The term has been used by critics of the administration of Chicago Mayor Richard J. Daley, and to Chicago's history of political corruption more generally. More recently, the phrase was used by Republican Party politicians and activists during the 2008 presidential election and 2012 presidential election campaigns against Barack Obama, who had lived in Chicago since 1985.

The phrase has also been used in recent years to characterize a supposedly offensive "tough, take-no-prisoners approach to politics".

==Origins and meaning==
Journalists Chuck McCutcheon and David Mark have described the phrase "Chicago politics" as a reference to the "unsavory and even corrupt" aspects of politics in Chicago, and noted that in the heyday of the Chicago machine, this included patronage, nepotism, and "activities that regularly drew the attention of federal prosecutors." According to McCutcheon and Mark, Chicago Mayor Richard J. Daley's tenure as mayor "is often considered Chicago-style politics at its worst."
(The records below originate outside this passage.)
lemma char2_power_two_power_add:
  assumes "(2::'a::comm_ring_1) = 0"
  shows "(x + y) ^ 2 ^ j = x ^ 2 ^ j + (y::'a) ^ 2 ^ j"
proof (induction j)
  case (Suc j)
  have "(x + y) ^ 2 ^ Suc j = ((x + y) ^ 2 ^ j)\<^sup>2"
    by (simp add: power_mult[symmetric] mult.commute)
  also have "\<dots> = (x ^ 2 ^ j)\<^sup>2 + (y ^ 2 ^ j)\<^sup>2 + 2 * x ^ 2 ^ j * y ^ 2 ^ j"
    by (simp add: Suc power2_sum)
  also have "\<dots> = x ^ 2 ^ Suc j + y ^ 2 ^ Suc j"
    by (simp add: assms power_mult[symmetric] mult.commute)
  finally show ?case .
qed simp

lemma char2_power_two_power_eq_iff:
  assumes "(2::'a::field) = 0"
  shows "x ^ 2 ^ j = y ^ 2 ^ j \<longleftrightarrow> x = (y::'a)"
proof -
  have "x ^ 2 ^ j = y ^ 2 ^ j \<longleftrightarrow> (x + y) ^ 2 ^ j = 0"
    by (simp add: char2_power_two_power_add[OF assms] char2_add_eq_0_iff[OF assms])
  also have "\<dots> \<longleftrightarrow> x = y"
    by (simp add: char2_add_eq_0_iff[OF assms])
  finally show ?thesis .
qed

section \<open>Finite multiplicative subgroups of a field\<close>

locale finite_mult_subgroup =
  fixes G :: "'a::field set"
  assumes finite_G: "finite G"
    and zero_notin_G: "0 \<notin> G"
    and one_in_G: "1 \<in> G"
    and mult_closed: "x \<in> G \<Longrightarrow> y \<in> G \<Longrightarrow> x * y \<in> G"
    and inverse_closed: "x \<in> G \<Longrightarrow> inverse x \<in> G"
begin

lemma card_G_pos: "0 < card G"
  using finite_G one_in_G by (auto simp: card_gt_0_iff)

lemma power_closed: "x \<in> G \<Longrightarrow> x ^ k \<in> G"
  by (induction k) (simp_all add: one_in_G mult_closed)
The term "Chicago-style politics" was often used as a shorthand for political corruption. In 1970, for example, historian Humbert Nelli suggested in a historical profile of early twentieth-century mafia boss Anthony D'Andrea that Andrea had possessed all the qualities necessary to excel at "Chicago-style politics" - namely, the need to be "cynical, vicious, corrupt, pragmatic and well connected with criminal elements."

Nelli had been referring to the politics of Chicago around 1910, but the phrase was also used to describe contemporary Chicago politics during the 1970s. In 1977, for example, Chicago Tribune reporter Stanley Ziemba described "charges of corrupt patronage systems, mob influence, and political clout and reprisals" as the hallmarks of "Chicago-style politics" while reporting on civic elections in Chicago's suburbs.

Reporters have often used the term in this way since the 1970s. In 2003, for example, Seattle Weekly editor David Brewster, said that "Chicago-style politics" were "coming to Seattle" in reference to a local scandal over campaign contributions, defining the phrase as "this whole muscling-the-opposition, reward-your-friends and punish-your-enemies, tough-guy politics."

==Use in 2008 and 2012 elections==
According to McCutcheon and Mark, the phrase "Chicago-style politics" took on "new resonance" in the political campaign advertisements of Republican presidential candidate John McCain when Democratic US Senator Barack Obama of Chicago, Illinois, ran for president in 2008. For example, McCain's political campaign said Obama practiced "Chicago-style politics", implying corruption.

Republican presidential primary candidate Mitt Romney introduced the phrase into the rhetoric of the 2012 presidential campaign when he described a recess appointment by President Obama as "Chicago-style politics at its worst." Romney supporters used "Chicago" as an epithet and referred disdainfully to "Chicago-style politics".

According to Jacob Weisberg of Slate magazine the phrase was "mainly" a way for Mitt Romney to "call Obama corrupt without coming out and saying so". The Chicago Tribune characterized the refrain as an attempt to discredit Obama through "guilt by geography", saying "Chicago has seen a goodly share of high- and low-profile officials and operatives shipped off to prison over the decades, and Republicans would like to prod voters into thinking that some of that dirt surely must have rubbed off on Obama." Drake University professor of political science Dennis Goldford, an expert on presidential politics, suggested that Republicans were using the phrase to imply that Obama was a product of an outdated large urban political organization based on unethical behavior and the use of force.